▶ _TASK REQUIREMENTS_: Search the records below for the word "False" and show every line where it occurs.

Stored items
^^^^

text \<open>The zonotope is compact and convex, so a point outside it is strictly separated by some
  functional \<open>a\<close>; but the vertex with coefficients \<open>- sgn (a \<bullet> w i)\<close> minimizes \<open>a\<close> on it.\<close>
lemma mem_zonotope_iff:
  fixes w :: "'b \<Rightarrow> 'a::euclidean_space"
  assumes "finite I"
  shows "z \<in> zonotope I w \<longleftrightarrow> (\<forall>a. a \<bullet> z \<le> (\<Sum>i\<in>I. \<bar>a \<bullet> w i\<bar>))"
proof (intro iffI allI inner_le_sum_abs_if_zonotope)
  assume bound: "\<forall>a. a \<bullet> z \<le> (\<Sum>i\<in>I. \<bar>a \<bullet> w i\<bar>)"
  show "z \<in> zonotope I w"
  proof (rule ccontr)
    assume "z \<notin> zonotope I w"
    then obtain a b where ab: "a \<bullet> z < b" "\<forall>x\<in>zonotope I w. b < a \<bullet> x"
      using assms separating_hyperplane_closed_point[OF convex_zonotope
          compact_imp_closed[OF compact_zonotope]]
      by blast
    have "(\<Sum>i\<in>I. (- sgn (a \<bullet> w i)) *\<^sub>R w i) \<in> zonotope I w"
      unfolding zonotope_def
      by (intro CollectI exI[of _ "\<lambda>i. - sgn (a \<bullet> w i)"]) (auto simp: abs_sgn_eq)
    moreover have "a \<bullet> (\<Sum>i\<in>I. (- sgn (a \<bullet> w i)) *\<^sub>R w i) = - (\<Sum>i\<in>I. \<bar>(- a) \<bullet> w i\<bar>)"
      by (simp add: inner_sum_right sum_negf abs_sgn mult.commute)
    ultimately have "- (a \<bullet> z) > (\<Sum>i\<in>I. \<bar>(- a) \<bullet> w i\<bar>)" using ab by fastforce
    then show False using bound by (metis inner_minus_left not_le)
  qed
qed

^^^^

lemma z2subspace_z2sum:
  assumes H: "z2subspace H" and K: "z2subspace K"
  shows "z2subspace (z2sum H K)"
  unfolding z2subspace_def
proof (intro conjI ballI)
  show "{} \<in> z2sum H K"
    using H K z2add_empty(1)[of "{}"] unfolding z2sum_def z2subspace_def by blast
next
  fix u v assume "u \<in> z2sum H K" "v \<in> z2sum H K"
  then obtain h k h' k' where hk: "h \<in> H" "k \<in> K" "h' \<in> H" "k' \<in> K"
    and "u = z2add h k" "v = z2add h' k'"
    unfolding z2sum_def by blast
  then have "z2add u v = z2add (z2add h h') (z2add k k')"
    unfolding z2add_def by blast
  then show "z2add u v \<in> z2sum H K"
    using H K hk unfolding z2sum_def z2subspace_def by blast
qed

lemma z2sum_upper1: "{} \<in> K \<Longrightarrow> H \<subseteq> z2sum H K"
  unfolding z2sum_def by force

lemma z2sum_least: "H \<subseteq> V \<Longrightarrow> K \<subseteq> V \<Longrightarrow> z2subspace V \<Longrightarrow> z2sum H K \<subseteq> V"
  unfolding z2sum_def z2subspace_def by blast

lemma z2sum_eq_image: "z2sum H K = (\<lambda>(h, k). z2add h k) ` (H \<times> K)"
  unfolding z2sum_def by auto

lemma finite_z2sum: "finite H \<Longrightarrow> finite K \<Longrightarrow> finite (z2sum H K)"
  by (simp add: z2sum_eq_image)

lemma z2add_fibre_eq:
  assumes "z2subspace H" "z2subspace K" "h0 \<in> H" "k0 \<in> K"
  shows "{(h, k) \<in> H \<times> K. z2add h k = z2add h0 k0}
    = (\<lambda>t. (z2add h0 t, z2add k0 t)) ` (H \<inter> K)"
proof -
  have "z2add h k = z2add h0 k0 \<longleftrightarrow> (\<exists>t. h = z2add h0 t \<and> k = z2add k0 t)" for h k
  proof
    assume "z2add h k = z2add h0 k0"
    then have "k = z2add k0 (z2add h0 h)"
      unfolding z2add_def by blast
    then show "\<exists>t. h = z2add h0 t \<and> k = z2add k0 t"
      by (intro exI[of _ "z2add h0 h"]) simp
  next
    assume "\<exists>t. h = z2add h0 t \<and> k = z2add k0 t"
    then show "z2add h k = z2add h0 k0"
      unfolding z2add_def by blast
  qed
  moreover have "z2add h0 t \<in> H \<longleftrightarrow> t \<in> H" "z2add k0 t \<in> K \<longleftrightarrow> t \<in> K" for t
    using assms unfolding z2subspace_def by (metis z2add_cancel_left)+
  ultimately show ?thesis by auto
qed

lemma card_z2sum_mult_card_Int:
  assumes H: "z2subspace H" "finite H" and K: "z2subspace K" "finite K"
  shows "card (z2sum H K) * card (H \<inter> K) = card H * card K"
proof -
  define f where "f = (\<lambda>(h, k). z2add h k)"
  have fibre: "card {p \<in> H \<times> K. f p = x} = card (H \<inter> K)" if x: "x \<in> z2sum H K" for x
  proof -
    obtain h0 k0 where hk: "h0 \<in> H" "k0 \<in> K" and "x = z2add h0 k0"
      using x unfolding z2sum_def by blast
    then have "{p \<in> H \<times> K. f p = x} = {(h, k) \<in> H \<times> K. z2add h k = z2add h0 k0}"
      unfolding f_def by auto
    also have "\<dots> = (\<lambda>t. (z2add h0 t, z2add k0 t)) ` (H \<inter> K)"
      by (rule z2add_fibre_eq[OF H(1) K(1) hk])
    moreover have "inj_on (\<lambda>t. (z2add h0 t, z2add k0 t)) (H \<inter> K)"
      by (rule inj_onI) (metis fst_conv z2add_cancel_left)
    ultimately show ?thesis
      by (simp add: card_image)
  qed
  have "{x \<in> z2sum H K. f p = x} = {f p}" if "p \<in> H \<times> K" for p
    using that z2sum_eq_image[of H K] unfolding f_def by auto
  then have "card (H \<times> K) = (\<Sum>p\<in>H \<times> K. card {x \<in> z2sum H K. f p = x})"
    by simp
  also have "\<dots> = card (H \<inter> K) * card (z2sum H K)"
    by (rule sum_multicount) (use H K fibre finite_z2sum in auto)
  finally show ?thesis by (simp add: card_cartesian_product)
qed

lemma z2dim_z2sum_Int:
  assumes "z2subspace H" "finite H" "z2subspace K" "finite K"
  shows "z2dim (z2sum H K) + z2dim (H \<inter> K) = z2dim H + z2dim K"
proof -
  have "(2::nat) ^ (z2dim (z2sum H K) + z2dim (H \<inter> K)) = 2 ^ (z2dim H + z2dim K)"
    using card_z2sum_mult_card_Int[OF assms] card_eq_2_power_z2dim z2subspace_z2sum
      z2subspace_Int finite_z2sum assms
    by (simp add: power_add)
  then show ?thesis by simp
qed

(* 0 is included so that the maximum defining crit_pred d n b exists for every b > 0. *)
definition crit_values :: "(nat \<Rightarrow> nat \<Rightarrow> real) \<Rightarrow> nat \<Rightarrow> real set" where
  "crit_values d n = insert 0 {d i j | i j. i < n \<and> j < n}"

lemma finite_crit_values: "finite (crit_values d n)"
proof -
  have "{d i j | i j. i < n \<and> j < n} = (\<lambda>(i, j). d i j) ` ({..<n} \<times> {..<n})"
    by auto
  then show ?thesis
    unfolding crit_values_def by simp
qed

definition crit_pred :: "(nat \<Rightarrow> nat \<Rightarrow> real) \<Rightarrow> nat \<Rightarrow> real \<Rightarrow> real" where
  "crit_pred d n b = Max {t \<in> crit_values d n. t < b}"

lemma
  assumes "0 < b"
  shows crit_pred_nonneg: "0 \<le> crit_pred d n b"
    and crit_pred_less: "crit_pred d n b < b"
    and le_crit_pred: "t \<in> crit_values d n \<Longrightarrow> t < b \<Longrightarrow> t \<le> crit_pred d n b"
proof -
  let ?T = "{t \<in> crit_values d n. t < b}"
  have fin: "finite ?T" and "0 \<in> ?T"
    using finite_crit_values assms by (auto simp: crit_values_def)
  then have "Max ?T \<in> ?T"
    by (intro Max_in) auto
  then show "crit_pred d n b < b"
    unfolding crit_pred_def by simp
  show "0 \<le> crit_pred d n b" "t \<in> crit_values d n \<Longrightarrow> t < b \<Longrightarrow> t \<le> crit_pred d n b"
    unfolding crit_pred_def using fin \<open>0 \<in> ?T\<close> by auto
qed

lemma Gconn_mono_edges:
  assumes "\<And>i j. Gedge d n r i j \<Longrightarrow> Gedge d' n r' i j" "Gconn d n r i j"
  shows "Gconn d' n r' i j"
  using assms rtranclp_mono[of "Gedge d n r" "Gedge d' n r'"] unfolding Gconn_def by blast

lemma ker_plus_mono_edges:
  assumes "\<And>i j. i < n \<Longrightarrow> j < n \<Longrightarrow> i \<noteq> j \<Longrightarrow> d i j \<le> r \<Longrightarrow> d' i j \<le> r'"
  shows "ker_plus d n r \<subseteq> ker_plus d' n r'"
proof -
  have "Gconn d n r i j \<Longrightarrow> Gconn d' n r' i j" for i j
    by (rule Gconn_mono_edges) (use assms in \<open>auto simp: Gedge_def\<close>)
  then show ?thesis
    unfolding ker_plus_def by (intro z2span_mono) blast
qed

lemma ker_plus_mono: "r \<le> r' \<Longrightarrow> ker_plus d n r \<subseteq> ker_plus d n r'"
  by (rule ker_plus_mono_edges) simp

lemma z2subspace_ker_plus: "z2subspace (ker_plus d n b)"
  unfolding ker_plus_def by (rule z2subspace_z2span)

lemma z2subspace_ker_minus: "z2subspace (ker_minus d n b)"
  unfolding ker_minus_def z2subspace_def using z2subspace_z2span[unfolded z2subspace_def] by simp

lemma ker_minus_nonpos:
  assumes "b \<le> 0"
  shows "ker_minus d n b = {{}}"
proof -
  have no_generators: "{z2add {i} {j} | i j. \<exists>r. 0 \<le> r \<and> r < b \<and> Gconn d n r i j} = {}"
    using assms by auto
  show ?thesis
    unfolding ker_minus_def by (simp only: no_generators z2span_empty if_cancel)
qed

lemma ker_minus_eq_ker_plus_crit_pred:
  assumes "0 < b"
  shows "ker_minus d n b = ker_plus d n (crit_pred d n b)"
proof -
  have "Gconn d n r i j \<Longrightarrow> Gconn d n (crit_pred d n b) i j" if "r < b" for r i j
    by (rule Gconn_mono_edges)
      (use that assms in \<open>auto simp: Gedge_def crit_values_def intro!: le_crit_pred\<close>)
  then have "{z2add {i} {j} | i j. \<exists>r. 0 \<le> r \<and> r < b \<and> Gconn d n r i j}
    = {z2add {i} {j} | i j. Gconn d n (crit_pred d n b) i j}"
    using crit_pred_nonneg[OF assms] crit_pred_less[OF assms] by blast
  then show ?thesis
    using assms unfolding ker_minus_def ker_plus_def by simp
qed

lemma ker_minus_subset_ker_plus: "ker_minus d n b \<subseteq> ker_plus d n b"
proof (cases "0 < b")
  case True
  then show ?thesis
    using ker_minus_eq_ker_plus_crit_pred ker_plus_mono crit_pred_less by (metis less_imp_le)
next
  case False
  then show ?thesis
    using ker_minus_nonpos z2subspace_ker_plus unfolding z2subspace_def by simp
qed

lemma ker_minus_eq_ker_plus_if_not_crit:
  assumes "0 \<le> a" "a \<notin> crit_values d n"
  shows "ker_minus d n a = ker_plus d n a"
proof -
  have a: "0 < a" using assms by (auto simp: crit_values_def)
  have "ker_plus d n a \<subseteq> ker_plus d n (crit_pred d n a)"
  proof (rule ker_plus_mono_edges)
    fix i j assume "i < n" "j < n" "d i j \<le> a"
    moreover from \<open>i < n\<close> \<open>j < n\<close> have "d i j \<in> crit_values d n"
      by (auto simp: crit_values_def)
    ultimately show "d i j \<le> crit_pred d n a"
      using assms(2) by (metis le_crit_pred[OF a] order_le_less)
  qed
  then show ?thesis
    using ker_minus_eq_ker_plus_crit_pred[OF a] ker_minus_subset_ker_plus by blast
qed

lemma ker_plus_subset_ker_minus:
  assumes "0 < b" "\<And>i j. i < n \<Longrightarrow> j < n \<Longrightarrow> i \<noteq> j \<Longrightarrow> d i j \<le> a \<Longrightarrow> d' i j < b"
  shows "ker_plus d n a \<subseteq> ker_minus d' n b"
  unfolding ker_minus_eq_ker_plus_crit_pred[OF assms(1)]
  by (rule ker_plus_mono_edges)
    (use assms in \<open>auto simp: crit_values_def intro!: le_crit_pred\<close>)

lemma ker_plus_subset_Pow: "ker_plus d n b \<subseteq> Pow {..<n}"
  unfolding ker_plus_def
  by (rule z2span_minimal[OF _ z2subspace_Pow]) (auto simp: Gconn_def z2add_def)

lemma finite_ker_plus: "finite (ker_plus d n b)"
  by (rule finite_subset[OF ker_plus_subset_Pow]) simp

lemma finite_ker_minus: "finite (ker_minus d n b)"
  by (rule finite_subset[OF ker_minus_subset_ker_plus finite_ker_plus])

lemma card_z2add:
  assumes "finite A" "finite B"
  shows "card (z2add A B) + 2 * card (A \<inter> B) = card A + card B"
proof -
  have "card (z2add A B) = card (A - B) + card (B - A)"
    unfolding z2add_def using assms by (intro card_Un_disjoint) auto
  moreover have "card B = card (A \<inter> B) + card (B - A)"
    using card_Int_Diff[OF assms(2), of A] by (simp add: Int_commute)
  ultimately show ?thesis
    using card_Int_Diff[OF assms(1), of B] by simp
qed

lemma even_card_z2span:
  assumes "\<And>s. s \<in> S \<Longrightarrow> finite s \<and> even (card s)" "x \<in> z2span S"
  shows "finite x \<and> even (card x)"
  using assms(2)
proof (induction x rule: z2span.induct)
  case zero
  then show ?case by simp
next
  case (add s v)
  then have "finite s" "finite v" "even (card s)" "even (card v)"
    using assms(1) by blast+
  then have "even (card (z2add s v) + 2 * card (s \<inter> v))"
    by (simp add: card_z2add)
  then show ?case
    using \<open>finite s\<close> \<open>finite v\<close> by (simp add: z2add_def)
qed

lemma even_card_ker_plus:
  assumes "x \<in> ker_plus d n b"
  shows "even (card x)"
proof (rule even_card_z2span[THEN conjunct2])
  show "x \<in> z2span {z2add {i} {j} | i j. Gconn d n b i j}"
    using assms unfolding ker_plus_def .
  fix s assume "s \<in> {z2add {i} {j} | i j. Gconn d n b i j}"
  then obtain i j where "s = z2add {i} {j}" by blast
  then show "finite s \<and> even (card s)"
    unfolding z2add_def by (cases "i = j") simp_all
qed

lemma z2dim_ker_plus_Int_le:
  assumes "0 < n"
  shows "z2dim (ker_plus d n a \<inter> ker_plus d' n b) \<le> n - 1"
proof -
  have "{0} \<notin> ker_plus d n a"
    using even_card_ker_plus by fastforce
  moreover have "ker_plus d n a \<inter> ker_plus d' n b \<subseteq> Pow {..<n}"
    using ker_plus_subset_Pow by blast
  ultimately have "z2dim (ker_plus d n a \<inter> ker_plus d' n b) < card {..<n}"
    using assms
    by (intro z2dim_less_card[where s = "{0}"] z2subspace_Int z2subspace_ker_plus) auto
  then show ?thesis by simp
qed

^^^^

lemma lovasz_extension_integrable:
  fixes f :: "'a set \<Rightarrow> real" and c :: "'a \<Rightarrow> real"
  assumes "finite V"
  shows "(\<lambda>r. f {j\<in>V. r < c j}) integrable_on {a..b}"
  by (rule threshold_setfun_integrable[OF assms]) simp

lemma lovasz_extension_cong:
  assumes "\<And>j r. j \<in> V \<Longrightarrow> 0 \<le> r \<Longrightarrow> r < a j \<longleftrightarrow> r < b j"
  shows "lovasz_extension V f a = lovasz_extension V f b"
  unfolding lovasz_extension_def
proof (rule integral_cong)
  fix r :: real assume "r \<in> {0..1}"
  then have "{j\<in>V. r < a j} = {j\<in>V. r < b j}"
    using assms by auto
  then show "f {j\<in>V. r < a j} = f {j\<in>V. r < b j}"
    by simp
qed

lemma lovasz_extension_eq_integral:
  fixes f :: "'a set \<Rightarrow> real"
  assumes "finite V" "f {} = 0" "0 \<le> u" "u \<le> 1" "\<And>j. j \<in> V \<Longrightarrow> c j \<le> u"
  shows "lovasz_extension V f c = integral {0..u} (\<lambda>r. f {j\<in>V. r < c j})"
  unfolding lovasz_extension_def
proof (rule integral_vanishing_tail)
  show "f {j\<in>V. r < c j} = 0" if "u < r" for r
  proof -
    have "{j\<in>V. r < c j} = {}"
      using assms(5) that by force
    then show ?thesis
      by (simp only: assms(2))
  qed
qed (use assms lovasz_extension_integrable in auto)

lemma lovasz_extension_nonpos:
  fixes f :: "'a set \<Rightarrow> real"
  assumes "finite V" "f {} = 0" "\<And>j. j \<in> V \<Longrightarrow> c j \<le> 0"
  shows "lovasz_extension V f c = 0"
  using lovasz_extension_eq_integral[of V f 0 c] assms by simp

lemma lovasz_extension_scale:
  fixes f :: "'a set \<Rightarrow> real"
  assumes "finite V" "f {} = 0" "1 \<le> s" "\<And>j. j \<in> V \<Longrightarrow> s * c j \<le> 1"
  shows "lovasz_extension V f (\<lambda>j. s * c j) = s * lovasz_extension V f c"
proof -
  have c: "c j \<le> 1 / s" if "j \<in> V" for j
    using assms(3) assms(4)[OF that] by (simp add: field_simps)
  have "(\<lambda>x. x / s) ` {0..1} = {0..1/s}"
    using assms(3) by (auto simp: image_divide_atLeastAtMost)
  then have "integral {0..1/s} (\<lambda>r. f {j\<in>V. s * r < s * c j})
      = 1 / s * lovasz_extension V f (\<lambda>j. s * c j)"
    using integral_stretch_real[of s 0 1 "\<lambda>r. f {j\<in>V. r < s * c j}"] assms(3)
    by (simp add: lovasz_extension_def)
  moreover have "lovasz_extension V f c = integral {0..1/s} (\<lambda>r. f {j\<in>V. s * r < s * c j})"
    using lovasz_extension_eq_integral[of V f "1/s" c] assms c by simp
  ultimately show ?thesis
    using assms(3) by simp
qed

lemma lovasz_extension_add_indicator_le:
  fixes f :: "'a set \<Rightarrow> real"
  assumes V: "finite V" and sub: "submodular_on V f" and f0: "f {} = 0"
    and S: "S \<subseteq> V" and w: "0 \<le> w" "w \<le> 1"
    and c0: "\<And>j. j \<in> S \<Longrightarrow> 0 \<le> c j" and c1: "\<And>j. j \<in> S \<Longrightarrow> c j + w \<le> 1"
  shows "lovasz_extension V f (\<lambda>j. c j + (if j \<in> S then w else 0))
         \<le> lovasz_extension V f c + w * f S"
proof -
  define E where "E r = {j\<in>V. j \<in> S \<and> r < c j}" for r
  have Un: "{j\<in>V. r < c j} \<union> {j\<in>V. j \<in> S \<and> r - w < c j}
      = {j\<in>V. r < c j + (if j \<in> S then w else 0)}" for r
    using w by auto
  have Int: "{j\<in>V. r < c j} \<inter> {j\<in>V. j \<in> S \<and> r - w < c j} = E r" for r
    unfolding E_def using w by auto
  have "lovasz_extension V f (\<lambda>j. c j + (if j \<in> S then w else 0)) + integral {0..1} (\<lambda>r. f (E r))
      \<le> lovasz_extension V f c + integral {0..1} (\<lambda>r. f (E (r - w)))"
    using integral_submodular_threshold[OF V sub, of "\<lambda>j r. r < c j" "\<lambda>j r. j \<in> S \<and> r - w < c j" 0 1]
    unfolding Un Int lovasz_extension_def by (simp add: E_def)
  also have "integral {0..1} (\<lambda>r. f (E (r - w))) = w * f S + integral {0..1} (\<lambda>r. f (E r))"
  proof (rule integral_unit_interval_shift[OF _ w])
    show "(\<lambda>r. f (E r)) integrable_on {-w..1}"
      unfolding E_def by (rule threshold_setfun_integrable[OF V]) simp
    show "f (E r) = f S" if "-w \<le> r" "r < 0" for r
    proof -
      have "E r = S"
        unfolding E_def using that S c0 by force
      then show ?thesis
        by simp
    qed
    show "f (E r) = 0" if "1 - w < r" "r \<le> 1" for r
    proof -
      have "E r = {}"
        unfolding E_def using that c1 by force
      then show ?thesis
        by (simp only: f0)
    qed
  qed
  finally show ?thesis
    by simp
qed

^^^^

▶ _RESULT BELOW_:
    then show False using bound by (metis inner_minus_left not_le)
  case False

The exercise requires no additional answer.